Wassersport vom Feinsten …

Wenn ich auch meistens mit der Kamera zu spät bin, den weißen Reiher hab ich noch erwischt. Ein Murmeltier, Grey Squirrels und immer wieder Chipmunks zeigten sich am Wegesrand.

Am Ende des Tages und 66 Meilen weiter finde ich einen kleinen, privaten Strandabschnitt, wo ich die Nacht mit Erlaubnis verbringen kann. Ein schönes Gespräch mit Mitgliedern des Beach Clubs weckte deren Interesse. Ich erzählte von meinem Vorhaben und zur Belohnung gab es dieses herrliche Nachtquartier mit Blick aufs Meer.

New York

Ich musste noch ein paar Dinge besorgen. Also rauf aufs Rad und von der Bronx zum Hudson River und auf einem für New York recht guten Radweg immer am Ufer entlang bis zum Battery Park.

Die Architektur lässt keine Wünsche offen…

Little Island scheint aktuell eine Attraktion zu sein. Die ganze „Insel“ wurde aus einer privaten Hand bezahlt. Der Komplex ist begrünt. Und in der Mitte gibt ein Amphitheater für Veranstaltungen.

Bunte Ess-Buden säumen die Straßen an vielen Stellen der Stadt.

Hinter der schmalen begrünten Uferpromenade ragen die neuen Wolkenkratzer verspiegelt und verglast in den Himmel.

Am Central Park, wo der Center Drive von Süden kommend in einen komfortablen Radweg übergeht, auf dem man den Park von Süd nach Nord komplett durchqueren kann, stehen heute wie vor 40 Jahren immer noch die Pferdekutschen und warten auf Touristen.

Den Obelisken hätte Ägypten gerne zurück.

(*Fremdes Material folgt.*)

lemma (in group) conj_act_inv_conj_act:
  assumes "g \<in> carrier G" and "H \<subseteq> carrier G"
  shows "conj_act G g (conj_act G (inv g) H) = H"
proof -
  have "g \<otimes> (inv g \<otimes> h \<otimes> inv (inv g)) \<otimes> inv g = h" if "h \<in> H" for h
    using that assms by (simp add: conjugate_inv_conjugate subsetD)
  then show ?thesis
    unfolding conj_act_eq_image image_image by simp
qed

lemma (in group) sylow_subgroup_conj_act:
  "g \<in> carrier G \<Longrightarrow> sylow_subgroup G p S \<Longrightarrow> sylow_subgroup G p (conj_act G g S)"
  unfolding sylow_subgroup_def using subgroup_conj_act card_conj_act subgroup.subset by metis

lemma (in group) mem_normalizer_iff:
  "H \<subseteq> carrier G \<Longrightarrow> x \<in> normalizer G H \<longleftrightarrow> x \<in> carrier G \<and> conj_act G x H = H"
  by (simp add: normalizer_def stabilizer_def conj_act_def)

lemma (in group_action) fixed_point_of_p_group:
  assumes "finite E" and "prime p" and "order G = p ^ n" and "\<not> p dvd card E"
  shows "\<exists>x\<in>E. \<forall>g\<in>carrier G. \<phi> g x = x"
proof (rule ccontr)
  assume no_fixed_point: "\<not> (\<exists>x\<in>E. \<forall>g\<in>carrier G. \<phi> g x = x)"
  have p_dvd_orbit: "p dvd card (orbit G \<phi> x)" if x: "x \<in> E" for x
  proof -
    have "card (orbit G \<phi> x) dvd p ^ n"
      using orbit_stabilizer_theorem[OF x] assms(3) by (metis dvd_triv_left)
    then obtain i where i: "card (orbit G \<phi> x) = p ^ i"
      using divides_primepow_nat[OF \<open>prime p\<close>] by blast
    have "i \<noteq> 0"
    proof
      assume "i = 0"
      then obtain y where "orbit G \<phi> x = {y}"
        using i card_1_singletonE by auto
      moreover have "\<phi> g x \<in> orbit G \<phi> x" if "g \<in> carrier G" for g
        using that unfolding orbit_def by blast
      ultimately show False
        using no_fixed_point x orbit_refl[OF x] by auto
    qed
    then show ?thesis
      using i by simp
  qed
  have "card E = (\<Sum>orb\<in>orbits G E \<phi>. card orb)"
    using disjoint_sum[OF \<open>finite E\<close>, of "\<lambda>_. 1::nat"] by simp
  also have "p dvd \<dots>"
    using p_dvd_orbit by (auto simp: orbits_def intro!: dvd_sum)
  finally show False
    using assms(4) by simp
qed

Er steht an exponierter Stelle. Und ich wünsche, dass er da immer bleibt.

Auf dem Rückweg geht es noch am Yankee Stadium vorbei, dem wohl berühmtesten Baseball Stadion der USA.

Im Hintergrund ist der Radweg durch den Central Park zu erkennen.

Hier beginnt mein Traum

Es ist bereits 19.00 Uhr, als ich starte und während ich Richtung Norden fahre, sendet die Sonne ihre letzten Grüße in die kreuzenden Häuserschluchten.

Um 22.00 habe ich meine reizenden Gastgeber in der Bronx erreicht, wo ich bis übermorgen ausruhen und die letzten Vorbereitungen treffen kann.

Bald geht’s los … der Countdown läuft!

Dies ist mein erster Post. Und es werden viele folgen. Noch bin ich Zuhause, verpacke mein Rad in eine Box, packe die letzten Sachen, verbringe die letzten Tage mit meiner Liebsten. Doch bald geht es los. Und ich nehme Dich mit auf meinen Trip. Bist Du bereit?